Input ::
################

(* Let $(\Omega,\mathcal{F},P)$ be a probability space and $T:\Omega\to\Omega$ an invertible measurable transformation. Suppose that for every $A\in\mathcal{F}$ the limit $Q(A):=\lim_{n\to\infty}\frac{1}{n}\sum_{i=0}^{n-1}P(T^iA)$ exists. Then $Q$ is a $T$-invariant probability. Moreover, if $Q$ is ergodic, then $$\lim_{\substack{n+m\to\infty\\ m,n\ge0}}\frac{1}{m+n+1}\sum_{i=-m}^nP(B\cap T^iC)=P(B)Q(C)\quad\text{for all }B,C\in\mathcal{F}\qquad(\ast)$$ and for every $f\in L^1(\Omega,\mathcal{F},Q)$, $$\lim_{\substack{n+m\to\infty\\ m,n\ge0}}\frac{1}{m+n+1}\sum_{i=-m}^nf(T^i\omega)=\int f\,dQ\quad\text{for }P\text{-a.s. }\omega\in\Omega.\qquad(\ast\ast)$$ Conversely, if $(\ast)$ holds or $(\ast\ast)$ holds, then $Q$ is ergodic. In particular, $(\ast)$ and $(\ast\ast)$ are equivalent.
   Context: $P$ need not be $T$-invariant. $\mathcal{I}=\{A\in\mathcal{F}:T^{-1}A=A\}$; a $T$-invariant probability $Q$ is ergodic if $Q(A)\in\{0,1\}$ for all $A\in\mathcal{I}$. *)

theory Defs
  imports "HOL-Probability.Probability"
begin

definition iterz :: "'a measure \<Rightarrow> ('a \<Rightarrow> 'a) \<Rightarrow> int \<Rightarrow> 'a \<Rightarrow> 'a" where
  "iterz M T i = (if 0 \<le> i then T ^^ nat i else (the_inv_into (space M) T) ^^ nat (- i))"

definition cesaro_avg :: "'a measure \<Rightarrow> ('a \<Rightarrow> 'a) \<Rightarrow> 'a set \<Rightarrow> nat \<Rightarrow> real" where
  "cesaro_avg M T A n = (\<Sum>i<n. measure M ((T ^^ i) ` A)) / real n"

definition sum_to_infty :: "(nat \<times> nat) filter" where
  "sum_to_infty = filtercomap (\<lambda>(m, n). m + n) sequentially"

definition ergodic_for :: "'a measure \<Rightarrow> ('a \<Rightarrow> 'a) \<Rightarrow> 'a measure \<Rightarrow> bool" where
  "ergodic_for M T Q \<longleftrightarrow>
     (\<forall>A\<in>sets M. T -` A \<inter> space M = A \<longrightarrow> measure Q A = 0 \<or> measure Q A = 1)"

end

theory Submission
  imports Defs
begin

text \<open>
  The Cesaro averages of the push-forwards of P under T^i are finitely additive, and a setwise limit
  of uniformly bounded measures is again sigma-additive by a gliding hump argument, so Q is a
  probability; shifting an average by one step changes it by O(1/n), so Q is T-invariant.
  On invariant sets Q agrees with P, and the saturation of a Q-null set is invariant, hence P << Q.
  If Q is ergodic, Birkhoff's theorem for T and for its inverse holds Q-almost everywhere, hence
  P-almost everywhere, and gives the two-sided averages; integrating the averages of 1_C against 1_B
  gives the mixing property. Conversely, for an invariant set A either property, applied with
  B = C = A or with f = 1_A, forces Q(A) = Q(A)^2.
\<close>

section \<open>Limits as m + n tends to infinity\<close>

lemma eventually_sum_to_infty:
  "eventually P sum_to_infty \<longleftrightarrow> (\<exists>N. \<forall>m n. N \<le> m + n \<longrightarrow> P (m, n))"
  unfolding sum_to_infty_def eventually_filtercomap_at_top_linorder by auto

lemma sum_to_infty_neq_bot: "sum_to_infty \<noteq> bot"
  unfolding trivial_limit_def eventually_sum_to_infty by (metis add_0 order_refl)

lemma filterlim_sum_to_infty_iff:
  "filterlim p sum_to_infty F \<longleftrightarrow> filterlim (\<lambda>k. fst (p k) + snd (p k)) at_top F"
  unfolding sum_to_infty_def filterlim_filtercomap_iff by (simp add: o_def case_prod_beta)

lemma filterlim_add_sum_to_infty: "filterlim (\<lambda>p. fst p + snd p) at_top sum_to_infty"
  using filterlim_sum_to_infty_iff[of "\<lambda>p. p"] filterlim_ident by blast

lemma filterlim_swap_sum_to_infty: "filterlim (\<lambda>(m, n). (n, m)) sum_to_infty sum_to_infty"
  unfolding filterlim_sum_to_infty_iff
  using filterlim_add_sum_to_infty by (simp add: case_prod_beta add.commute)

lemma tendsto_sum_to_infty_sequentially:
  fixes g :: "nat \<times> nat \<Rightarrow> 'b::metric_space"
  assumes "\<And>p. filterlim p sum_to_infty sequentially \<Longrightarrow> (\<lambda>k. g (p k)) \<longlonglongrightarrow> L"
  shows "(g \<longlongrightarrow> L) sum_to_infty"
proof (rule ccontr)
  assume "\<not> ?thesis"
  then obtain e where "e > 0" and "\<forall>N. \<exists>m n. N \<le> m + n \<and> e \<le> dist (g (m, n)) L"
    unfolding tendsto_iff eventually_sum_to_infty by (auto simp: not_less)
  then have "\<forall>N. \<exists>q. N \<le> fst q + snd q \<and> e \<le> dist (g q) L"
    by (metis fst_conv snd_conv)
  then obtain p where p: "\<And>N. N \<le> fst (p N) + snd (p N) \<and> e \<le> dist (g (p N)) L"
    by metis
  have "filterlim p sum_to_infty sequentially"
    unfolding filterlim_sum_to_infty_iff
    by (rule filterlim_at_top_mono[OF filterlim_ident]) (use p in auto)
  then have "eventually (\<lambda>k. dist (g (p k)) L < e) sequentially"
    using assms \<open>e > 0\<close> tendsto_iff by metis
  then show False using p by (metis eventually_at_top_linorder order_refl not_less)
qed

################

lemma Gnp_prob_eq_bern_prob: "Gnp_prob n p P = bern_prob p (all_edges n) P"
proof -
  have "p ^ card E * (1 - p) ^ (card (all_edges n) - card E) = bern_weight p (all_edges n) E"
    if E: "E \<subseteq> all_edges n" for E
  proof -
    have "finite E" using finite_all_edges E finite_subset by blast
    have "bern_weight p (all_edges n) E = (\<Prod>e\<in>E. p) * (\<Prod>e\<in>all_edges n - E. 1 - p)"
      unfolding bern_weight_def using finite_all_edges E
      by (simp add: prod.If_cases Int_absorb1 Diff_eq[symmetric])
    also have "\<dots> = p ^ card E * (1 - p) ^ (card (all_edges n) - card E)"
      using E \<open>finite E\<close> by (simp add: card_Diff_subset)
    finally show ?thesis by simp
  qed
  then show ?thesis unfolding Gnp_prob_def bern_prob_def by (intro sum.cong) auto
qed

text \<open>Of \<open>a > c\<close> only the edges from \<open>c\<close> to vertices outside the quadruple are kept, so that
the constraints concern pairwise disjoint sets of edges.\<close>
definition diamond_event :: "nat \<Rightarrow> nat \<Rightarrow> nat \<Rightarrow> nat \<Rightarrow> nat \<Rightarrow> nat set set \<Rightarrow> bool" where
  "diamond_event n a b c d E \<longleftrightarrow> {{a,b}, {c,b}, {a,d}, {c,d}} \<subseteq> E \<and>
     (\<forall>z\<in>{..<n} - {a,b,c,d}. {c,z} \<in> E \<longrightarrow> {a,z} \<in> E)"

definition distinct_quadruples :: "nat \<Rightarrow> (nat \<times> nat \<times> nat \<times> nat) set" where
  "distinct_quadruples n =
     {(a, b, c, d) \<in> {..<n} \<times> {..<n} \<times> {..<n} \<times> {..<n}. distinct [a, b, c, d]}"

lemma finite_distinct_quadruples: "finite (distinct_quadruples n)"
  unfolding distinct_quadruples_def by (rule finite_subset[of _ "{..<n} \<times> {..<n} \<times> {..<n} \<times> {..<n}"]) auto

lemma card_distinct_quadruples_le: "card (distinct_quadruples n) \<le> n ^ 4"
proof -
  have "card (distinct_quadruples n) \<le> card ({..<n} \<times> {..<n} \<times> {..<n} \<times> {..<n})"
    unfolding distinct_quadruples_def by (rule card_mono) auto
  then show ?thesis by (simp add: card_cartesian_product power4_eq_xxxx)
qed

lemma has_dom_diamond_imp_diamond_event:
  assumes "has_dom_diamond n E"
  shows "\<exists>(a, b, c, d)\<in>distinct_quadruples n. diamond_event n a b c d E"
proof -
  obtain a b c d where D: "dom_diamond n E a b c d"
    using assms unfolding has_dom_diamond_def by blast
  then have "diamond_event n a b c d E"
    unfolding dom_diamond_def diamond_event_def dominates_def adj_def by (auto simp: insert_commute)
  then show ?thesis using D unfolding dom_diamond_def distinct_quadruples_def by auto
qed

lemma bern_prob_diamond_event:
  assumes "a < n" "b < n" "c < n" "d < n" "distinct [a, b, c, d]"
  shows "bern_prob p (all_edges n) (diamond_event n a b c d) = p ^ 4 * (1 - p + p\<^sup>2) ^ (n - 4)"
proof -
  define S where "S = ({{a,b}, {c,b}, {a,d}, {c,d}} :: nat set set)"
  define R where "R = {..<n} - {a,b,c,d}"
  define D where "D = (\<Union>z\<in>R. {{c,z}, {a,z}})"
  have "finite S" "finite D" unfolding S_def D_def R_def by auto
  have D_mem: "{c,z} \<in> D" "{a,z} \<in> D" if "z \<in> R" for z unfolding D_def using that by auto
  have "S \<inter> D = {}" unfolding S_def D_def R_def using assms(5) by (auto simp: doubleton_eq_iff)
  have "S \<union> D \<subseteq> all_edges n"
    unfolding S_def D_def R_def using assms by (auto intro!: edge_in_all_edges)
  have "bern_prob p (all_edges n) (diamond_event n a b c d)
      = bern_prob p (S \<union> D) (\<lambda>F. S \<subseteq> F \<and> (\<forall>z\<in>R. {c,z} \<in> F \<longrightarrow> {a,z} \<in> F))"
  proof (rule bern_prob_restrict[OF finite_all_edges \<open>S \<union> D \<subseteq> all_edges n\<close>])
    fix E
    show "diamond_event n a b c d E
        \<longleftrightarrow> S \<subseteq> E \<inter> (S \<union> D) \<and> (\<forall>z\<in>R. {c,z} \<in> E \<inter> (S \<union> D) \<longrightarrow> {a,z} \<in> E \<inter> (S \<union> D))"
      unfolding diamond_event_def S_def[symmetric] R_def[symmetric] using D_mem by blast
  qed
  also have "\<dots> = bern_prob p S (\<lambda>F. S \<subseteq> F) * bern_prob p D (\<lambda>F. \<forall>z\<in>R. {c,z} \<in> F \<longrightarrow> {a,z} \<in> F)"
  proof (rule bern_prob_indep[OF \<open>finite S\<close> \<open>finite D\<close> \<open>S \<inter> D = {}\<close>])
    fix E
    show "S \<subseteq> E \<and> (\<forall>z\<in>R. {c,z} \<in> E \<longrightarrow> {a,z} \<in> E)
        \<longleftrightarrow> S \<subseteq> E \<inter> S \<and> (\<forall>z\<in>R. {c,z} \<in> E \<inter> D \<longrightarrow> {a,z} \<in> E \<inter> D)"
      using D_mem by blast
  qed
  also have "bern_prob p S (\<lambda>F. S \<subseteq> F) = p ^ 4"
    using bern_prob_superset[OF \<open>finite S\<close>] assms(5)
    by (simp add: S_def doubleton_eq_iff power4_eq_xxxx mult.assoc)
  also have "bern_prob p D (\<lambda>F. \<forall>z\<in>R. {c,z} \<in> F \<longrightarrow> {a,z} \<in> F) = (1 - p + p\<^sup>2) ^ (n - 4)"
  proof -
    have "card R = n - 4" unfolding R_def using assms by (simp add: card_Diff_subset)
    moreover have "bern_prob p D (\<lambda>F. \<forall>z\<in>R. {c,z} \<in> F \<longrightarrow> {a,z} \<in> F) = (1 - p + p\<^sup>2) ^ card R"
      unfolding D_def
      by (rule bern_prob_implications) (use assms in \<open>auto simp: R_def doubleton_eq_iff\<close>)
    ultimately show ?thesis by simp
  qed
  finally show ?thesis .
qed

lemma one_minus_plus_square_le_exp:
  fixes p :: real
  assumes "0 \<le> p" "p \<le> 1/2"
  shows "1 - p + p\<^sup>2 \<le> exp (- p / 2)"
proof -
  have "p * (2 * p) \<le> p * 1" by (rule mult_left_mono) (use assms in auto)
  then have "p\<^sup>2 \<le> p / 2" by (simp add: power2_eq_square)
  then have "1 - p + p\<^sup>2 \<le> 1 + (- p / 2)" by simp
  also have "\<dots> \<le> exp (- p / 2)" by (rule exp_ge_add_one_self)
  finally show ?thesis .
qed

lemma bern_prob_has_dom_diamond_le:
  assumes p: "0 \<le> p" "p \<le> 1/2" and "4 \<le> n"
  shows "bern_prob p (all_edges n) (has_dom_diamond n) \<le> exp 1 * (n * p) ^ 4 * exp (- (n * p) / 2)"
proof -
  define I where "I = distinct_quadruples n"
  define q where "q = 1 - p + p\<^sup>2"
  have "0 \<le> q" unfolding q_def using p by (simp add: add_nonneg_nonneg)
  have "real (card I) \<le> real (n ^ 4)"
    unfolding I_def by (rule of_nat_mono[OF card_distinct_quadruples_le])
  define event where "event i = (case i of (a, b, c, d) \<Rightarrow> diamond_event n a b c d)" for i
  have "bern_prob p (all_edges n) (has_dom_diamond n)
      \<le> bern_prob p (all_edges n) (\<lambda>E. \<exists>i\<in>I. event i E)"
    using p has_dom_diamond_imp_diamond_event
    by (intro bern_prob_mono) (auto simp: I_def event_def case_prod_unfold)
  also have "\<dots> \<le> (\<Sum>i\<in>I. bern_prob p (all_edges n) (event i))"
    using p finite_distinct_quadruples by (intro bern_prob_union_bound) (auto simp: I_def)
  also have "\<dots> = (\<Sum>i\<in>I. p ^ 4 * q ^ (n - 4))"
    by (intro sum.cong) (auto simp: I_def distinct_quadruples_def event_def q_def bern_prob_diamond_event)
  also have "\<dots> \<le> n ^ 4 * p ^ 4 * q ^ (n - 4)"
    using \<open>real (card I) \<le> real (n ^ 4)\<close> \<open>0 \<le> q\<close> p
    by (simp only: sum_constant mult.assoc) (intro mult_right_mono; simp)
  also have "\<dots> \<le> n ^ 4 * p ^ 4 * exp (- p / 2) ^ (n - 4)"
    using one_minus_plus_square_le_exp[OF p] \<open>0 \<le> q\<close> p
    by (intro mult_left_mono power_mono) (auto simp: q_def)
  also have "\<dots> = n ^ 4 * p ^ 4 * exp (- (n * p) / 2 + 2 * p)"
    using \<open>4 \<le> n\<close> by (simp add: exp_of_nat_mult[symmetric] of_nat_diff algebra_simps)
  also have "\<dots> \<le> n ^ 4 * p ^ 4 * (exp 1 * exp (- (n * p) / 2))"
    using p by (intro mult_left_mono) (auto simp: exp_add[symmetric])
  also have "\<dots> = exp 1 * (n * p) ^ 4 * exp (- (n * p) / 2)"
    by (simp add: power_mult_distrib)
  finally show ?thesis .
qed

################

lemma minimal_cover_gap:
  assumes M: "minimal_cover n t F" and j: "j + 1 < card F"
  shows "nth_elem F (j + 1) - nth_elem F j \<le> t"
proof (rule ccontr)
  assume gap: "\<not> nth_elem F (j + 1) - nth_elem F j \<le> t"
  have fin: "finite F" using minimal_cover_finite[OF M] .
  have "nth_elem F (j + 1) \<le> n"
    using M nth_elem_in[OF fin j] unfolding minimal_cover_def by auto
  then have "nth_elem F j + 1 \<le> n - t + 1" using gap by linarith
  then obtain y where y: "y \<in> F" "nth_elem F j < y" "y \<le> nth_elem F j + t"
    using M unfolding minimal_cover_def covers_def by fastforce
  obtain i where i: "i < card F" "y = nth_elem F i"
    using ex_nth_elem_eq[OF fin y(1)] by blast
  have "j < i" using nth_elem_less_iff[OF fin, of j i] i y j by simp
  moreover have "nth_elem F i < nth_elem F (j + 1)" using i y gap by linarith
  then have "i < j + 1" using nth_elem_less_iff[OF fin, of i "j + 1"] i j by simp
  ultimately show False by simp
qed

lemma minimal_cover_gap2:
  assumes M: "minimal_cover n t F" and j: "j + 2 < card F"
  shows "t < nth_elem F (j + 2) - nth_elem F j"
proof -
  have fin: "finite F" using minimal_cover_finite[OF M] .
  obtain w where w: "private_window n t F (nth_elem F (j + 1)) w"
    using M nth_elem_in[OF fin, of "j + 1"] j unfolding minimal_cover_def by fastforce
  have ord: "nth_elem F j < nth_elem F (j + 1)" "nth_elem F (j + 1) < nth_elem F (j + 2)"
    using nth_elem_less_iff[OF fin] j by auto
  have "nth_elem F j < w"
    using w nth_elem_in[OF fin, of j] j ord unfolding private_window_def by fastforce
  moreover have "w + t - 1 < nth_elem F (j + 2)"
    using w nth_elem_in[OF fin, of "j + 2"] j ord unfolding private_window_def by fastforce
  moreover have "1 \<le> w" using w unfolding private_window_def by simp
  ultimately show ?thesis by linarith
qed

################

The number of lines above containing the word "gives" is all that should be returned.

The completed task :: 2